| Task |
Using the records below, repeat exactly the lines from the one holding "set \<Rightarrow> nat" through the one holding "x \<in> pow_dom", both ends included, and no others.

--------------------------------

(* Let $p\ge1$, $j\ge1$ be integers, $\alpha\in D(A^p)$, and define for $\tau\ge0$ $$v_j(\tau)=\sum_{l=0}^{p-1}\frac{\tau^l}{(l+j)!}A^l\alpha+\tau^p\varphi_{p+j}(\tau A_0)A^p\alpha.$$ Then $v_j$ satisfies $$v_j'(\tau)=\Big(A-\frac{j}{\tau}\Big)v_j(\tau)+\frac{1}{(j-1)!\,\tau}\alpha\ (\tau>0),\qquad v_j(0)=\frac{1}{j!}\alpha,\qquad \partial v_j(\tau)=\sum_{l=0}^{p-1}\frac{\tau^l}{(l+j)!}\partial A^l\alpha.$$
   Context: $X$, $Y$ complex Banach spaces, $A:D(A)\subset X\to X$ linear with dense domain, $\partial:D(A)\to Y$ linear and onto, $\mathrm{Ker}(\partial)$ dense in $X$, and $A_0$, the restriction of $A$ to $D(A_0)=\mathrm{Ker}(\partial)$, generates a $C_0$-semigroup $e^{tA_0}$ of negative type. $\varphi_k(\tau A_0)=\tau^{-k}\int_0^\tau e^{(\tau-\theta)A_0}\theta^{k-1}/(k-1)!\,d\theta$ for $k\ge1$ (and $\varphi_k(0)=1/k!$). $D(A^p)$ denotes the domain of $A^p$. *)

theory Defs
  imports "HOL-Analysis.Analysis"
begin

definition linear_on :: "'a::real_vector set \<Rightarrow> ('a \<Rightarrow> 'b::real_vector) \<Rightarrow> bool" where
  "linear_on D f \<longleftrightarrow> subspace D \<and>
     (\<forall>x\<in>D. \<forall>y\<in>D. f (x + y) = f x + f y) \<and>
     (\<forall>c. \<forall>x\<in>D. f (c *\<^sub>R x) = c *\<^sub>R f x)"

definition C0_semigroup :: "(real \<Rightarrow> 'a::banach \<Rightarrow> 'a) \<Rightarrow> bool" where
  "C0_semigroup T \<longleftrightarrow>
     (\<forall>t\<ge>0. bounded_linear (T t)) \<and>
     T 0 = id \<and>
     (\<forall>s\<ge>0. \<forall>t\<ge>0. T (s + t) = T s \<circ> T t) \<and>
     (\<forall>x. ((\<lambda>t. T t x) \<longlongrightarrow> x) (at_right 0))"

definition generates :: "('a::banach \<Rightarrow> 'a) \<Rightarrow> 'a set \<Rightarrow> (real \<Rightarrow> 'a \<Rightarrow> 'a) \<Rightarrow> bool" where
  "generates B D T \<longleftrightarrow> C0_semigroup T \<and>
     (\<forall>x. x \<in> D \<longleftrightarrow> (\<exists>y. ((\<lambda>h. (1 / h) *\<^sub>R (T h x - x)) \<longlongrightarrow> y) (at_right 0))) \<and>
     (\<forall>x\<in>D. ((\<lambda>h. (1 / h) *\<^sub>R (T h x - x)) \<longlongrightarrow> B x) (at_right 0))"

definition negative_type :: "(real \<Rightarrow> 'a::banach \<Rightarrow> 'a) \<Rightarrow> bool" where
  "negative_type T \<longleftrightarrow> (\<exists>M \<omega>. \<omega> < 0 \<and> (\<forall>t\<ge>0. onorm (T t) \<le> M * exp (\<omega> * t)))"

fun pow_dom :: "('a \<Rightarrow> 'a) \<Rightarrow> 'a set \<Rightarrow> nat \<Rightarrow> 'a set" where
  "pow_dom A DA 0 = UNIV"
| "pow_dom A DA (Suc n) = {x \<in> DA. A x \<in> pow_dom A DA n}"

--------------------------------

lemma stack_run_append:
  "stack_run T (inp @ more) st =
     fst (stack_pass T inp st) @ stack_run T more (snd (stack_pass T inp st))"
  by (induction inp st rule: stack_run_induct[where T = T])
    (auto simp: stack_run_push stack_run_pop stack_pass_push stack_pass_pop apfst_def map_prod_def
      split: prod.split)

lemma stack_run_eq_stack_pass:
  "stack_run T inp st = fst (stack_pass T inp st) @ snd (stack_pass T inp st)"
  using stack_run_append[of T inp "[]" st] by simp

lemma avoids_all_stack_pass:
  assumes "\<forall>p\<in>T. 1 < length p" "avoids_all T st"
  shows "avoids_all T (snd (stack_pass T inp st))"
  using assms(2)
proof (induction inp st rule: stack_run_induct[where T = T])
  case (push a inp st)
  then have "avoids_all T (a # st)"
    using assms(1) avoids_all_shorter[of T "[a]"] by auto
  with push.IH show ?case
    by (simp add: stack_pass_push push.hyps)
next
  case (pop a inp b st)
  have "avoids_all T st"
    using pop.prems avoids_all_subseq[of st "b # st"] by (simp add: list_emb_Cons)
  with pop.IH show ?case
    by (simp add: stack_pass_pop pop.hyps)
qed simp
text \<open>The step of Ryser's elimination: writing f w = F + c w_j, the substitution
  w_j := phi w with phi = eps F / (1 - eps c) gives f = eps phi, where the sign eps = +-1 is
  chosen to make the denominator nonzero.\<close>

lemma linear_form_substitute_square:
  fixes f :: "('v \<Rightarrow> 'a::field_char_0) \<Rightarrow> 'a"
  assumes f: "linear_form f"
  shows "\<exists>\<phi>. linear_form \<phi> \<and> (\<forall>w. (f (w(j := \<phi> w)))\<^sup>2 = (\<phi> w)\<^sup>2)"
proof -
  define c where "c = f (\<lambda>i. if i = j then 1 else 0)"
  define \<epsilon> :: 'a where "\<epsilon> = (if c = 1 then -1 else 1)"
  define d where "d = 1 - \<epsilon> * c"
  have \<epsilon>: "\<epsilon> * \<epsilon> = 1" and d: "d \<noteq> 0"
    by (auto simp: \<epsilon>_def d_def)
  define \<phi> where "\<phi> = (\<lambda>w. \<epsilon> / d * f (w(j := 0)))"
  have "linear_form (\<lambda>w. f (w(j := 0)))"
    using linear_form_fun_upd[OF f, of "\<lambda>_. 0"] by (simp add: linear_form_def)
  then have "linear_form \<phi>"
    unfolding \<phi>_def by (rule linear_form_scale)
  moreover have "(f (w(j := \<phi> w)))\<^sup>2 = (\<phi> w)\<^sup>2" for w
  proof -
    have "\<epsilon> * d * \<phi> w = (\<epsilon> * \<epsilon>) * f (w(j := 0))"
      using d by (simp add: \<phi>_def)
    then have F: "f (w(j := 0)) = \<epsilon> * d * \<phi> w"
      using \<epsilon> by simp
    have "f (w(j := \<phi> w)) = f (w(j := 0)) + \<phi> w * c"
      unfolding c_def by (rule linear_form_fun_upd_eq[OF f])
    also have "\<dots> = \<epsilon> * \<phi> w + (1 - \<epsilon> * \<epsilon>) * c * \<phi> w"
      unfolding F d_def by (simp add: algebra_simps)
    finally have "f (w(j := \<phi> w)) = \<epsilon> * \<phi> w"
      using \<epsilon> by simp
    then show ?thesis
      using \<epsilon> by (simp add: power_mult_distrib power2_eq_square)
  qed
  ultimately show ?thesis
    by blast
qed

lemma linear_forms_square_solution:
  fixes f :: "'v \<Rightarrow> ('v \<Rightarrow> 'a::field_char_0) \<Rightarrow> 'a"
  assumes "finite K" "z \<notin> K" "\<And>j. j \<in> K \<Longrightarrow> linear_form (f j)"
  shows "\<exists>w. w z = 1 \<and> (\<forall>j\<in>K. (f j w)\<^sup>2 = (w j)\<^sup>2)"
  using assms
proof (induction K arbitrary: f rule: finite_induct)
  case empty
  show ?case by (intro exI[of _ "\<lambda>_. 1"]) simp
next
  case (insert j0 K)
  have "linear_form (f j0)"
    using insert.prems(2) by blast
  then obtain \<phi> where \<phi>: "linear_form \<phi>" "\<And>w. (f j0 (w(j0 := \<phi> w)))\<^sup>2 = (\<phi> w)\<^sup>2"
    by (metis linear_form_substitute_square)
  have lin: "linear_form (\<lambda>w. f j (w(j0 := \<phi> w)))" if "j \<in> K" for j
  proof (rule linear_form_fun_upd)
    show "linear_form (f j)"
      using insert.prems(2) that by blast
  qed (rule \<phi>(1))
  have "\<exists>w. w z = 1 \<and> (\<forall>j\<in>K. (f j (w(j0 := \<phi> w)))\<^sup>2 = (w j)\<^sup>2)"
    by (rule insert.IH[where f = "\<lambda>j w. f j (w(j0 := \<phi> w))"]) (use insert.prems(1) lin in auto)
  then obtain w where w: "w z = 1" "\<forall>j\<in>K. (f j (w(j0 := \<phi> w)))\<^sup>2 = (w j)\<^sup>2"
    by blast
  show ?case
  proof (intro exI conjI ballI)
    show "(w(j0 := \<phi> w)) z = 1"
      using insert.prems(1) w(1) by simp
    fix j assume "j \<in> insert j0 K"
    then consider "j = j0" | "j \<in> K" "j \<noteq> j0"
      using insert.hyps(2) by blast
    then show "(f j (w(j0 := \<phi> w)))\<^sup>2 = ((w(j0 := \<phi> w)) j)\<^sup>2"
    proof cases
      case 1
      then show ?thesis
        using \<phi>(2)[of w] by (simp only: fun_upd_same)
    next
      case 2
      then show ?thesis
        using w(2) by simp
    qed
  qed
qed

--------------------------------

| Answer for the task |
fun pow_dom :: "('a \<Rightarrow> 'a) \<Rightarrow> 'a set \<Rightarrow> nat \<Rightarrow> 'a set" where
  "pow_dom A DA 0 = UNIV"
| "pow_dom A DA (Suc n) = {x \<in> DA. A x \<in> pow_dom A DA n}"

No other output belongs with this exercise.